Hilary Biehl

For a Neighbor 

It’s 8 pm and there’s that song again.
Always the same one, or it sounds the same
to me. I can distinguish the refrain
by how the walls respond. The slapdash frame
 
of the apartment building might collapse.
You wouldn’t mind; in fact the way your bones
test their own limits thrills you. And perhaps
it’s philosophical – the undertones
 
suggesting that we’re all just being taken
for a ride, that life essentially
consists of shaking others and being shaken
harder: rhythm without melody. 

Things Done and Left Undone

The sun is low,
the shadows tinged
 
with flies.

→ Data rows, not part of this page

lemma in_D4_in_V: "in_D4 V E \<Longrightarrow> E x y \<Longrightarrow> y \<in> V"
  unfolding in_D4_def maximal_triangle_free_def simple_graph_def by blast

lemma in_D4_no_common_neighbour: "in_D4 V E \<Longrightarrow> E u v \<Longrightarrow> \<not> (E u w \<and> E v w)"
  unfolding in_D4_def maximal_triangle_free_def simple_graph_def triangle_free_def by blast

lemma in_D4_common_neighbour:
  assumes "in_D4 V E" "x \<in> V" "y \<in> V" "x \<noteq> y" "\<not> E x y"
  obtains z where "E x z" "E y z"
  using assms unfolding in_D4_def maximal_triangle_free_def simple_graph_def by blast

definition adj_count :: "('a \<Rightarrow> 'a \<Rightarrow> bool) \<Rightarrow> 'a list \<Rightarrow> 'a \<Rightarrow> int" where
  "adj_count E xs y = (\<Sum>x\<leftarrow>xs. of_bool (E x y))"

lemma adj_count_eq_length_filter: "adj_count E xs y = int (length (filter (\<lambda>x. E x y) xs))"
  by (induction xs) (auto simp: adj_count_def)

lemma in_D4_dense_neighbour:
  assumes "in_D4 V E" "set xs \<subseteq> V" "length xs = 3 * m" "m \<in> {1..4}"
  shows "\<exists>y\<in>V. int m < adj_count E xs y"
proof -
  have "prop_D 4 V E" using assms(1) by (simp add: in_D4_def)
  moreover have "\<forall>i<3 * m. xs ! i \<in> V" using assms(2,3) by auto
  ultimately obtain y where "y \<in> V" "m + 1 \<le> card {i. i < length xs \<and> E (xs ! i) y}"
    using assms(3,4) unfolding prop_D_def by fastforce
  then have "int m < adj_count E xs y"
    by (simp add: adj_count_eq_length_filter length_filter_conv_card)
  with \<open>y \<in> V\<close> show ?thesis by blast
qed

lemma inj_on_of_card_Un_image:
  assumes "card (f ` {0..<n} \<union> g ` {0..<n} \<union> h ` {0..<n}) = 3 * n"
  shows "inj_on h {0..<n}"
proof -
  let ?A = "{0..<n}"
  have "card (f ` ?A \<union> g ` ?A \<union> h ` ?A) \<le> card (f ` ?A \<union> g ` ?A) + card (h ` ?A)"
    by (rule card_Un_le)
  moreover have "card (f ` ?A \<union> g ` ?A) \<le> card (f ` ?A) + card (g ` ?A)"
    by (rule card_Un_le)
  moreover have "card (f ` ?A) \<le> n" "card (g ` ?A) \<le> n" "card (h ` ?A) \<le> n"
    using card_image_le[of ?A] by auto
  ultimately have "card (h ` ?A) = card ?A"
    using assms by simp
  then show ?thesis by (simp add: inj_on_iff_eq_card)
qed

locale N_counterexample =
  fixes V :: "'a set" and E :: "'a \<Rightarrow> 'a \<Rightarrow> bool" and a0 a1 a2 b0 b1 b2 c0 c1 c2 :: 'a
  assumes D4: "in_D4 V E"
    and vertices: "a0 \<in> V" "a1 \<in> V" "a2 \<in> V" "b0 \<in> V" "b1 \<in> V" "b2 \<in> V" "c0 \<in> V" "c1 \<in> V" "c2 \<in> V"
    and N_edges: "E a0 c0" "E b0 c0" "E a1 c1" "E b1 c1" "E a2 c2" "E b2 c2"
      "E a0 b1" "E a0 b2" "E a1 b0" "E a1 b2" "E a2 b0" "E a2 b1"
    and c_distinct: "c0 \<noteq> c1" "c0 \<noteq> c2" "c1 \<noteq> c2"
    and no_edge_c1_c2: "\<not> E c1 c2"
    and no_hub: "\<not> (E a0 w \<and> E b0 w \<and> E c1 w \<and> E c2 w)"
begin

lemma swap_ab: "N_counterexample V E b0 b1 b2 a0 a1 a2 c0 c1 c2"
  using D4 vertices N_edges N_edges[THEN in_D4_sym[OF D4]] c_distinct no_edge_c1_c2 no_hub
  by unfold_locales auto

lemma swap_12: "N_counterexample V E a0 a2 a1 b0 b2 b1 c0 c2 c1"
  using D4 vertices N_edges N_edges[THEN in_D4_sym[OF D4]] c_distinct no_edge_c1_c2 no_hub
    in_D4_sym[OF D4, of c2 c1]
  by unfold_locales auto

lemmas in_V = in_D4_in_V[OF D4]
lemmas no_common_neighbour = in_D4_no_common_neighbour[OF D4]

lemma dense_neighbour:
  "set xs \<subseteq> V \<Longrightarrow> length xs = 3 * m \<Longrightarrow> m \<in> {1..4} \<Longrightarrow> \<exists>y\<in>V. int m < adj_count E xs y"
  by (rule in_D4_dense_neighbour[OF D4])

lemma hub_at_1_or_2:
  obtains y where "E a1 y" "E b1 y" "E c0 y" "E c2 y"
    | y where "E a2 y" "E b2 y" "E c0 y" "E c1 y"
proof -
  obtain y where "3 < adj_count E [a0, a1, a2, b0, b1, b2, c0, c1, c2] y"
    using dense_neighbour[of "[a0, a1, a2, b0, b1, b2, c0, c1, c2]" 3] vertices by auto
  then have "E a1 y \<and> E b1 y \<and> E c0 y \<and> E c2 y \<or> E a2 y \<and> E b2 y \<and> E c0 y \<and> E c1 y"
    using N_edges[THEN no_common_neighbour, of y] no_hub[of y]
    by (auto simp: adj_count_def of_bool_def split: if_splits)
  with that show thesis by blast
qed

lemma common_neighbour_a012_or_b012:
  assumes d: "E c1 d" "E c2 d"
  obtains z where "E a0 z" "E a1 z" "E a2 z" "E d z"
    | z where "E b0 z" "E b1 z" "E b2 z" "E d z"
proof -
  obtain z where "3 < adj_count E [a0, a1, a2, b0, b1, b2, c1, c2, d] z"
    using dense_neighbour[of "[a0, a1, a2, b0, b1, b2, c1, c2, d]" 3] vertices in_V[OF d(1)] by auto
  then have "E a0 z \<and> E a1 z \<and> E a2 z \<and> E d z \<or> E b0 z \<and> E b1 z \<and> E b2 z \<and> E d z"
    using N_edges[THEN no_common_neighbour, of z] d[THEN no_common_neighbour, of z] no_hub[of z]
    by (auto simp: adj_count_def of_bool_def split: if_splits)
  with that show thesis by blast
qed

lemma no_common_neighbour_a012_d_of_edge_c0_c1:
  assumes c0_c1: "E c0 c1"
    and y: "E a1 y" "E b1 y" "E c0 y" "E c2 y"
    and d: "E c1 d" "E c2 d"
  shows "\<not> (E a0 z \<and> E a1 z \<and> E a2 z \<and> E d z)"
proof
  assume "E a0 z \<and> E a1 z \<and> E a2 z \<and> E d z"
  then have z: "E a0 z" "E a1 z" "E a2 z" "E d z" by blast+
  have V: "y \<in> V" "d \<in> V" "z \<in> V" using y(1) d(1) z(1) by (auto intro: in_V)
  note known = N_edges c0_c1 y d z
  obtain u where "u \<in> V" "3 < adj_count E [a0, a2, b0, b1, b2, c0, c1, c2, d] u"
    using dense_neighbour[of "[a0, a2, b0, b1, b2, c0, c1, c2, d]" 3] vertices V by auto
  then have "E a2 u \<and> E b2 u \<and> E c0 u \<and> E d u \<or> E b0 u \<and> E b1 u \<and> E b2 u \<and> E d u
      \<or> E b1 u \<and> E b2 u \<and> E c0 u \<and> E d u"
    using known[THEN no_common_neighbour, of u] no_hub[of u]
    by (auto simp: adj_count_def of_bool_def split: if_splits)
  then show False
  proof (elim disjE conjE)
    assume u: "E a2 u" "E b2 u" "E c0 u" "E d u"
    obtain w where "4 < adj_count E [a0, a1, a2, b1, b2, c0, c1, c2, d, y, z, u] w"
      using dense_neighbour[of "[a0, a1, a2, b1, b2, c0, c1, c2, d, y, z, u]" 4] vertices V
        \<open>u \<in> V\<close> by auto
    then show False
      using known[THEN no_common_neighbour, of w] u[THEN no_common_neighbour, of w] no_hub[of w]
      by (auto simp: adj_count_def of_bool_def split: if_splits)
  next
    assume u: "E b0 u" "E b1 u" "E b2 u" "E d u"
    obtain w where "4 < adj_count E [a0, a1, a2, b0, b1, b2, c0, c1, c2, d, z, u] w"
      using dense_neighbour[of "[a0, a1, a2, b0, b1, b2, c0, c1, c2, d, z, u]" 4] vertices V
        \<open>u \<in> V\<close> by auto
    then show False
      using known[THEN no_common_neighbour, of w] u[THEN no_common_neighbour, of w] no_hub[of w]
      by (auto simp: adj_count_def of_bool_def split: if_splits)
  next
    assume u: "E b1 u" "E b2 u" "E c0 u" "E d u"
    obtain w where "4 < adj_count E [a0, a1, a2, b0, b1, b2, c0, c2, d, y, z, u] w"
      using dense_neighbour[of "[a0, a1, a2, b0, b1, b2, c0, c2, d, y, z, u]" 4] vertices V
        \<open>u \<in> V\<close> by auto
    then show False
      using known[THEN no_common_neighbour, of w] u[THEN no_common_neighbour, of w] no_hub[of w]
      by (auto simp: adj_count_def of_bool_def split: if_splits)
  qed
qed

lemma no_edge_c0_c1: "\<not> E c0 c1"
proof
  assume c0_c1: "E c0 c1"
  obtain y where y: "E a1 y" "E b1 y" "E c0 y" "E c2 y"
  proof (rule hub_at_1_or_2)
    fix y assume "E c0 y" "E c1 y"
    with c0_c1 show thesis using no_common_neighbour by blast
  qed
  obtain d where d: "E c1 d" "E c2 d"
    by (rule in_D4_common_neighbour[OF D4 vertices(8,9) c_distinct(3) no_edge_c1_c2])
  show False
  proof (rule common_neighbour_a012_or_b012[OF d])
    fix z assume "E a0 z" "E a1 z" "E a2 z" "E d z"
    with no_common_neighbour_a012_d_of_edge_c0_c1[OF c0_c1 y d] show False by blast
  next
    fix z assume "E b0 z" "E b1 z" "E b2 z" "E d z"
    with N_counterexample.no_common_neighbour_a012_d_of_edge_c0_c1[OF swap_ab c0_c1 y(2,1,3,4) d]
    show False by blast
  qed
qed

Someone
has come unhinged;
 
across the lawn
we hear him shout
 
profanities.
Then he comes out.
 
He’s swearing at
another man
 
who backs away
towards a sedan.
 
The first man hits
the second. We
 
are silent. From
a balcony
 
one woman yells,
then disappears.
 
Our game has stopped.
The courtyard clears.
 
“Let’s go,” a boy
softly insists.
 
We leave the man
to his friend’s fists,
 
to hot cement
and creeping dark.
 
A tiny dog
begins to bark.

Hilary Biehl’s poems have appeared in various journals including Able Muse, The Orchards, and Better Than Starbucks.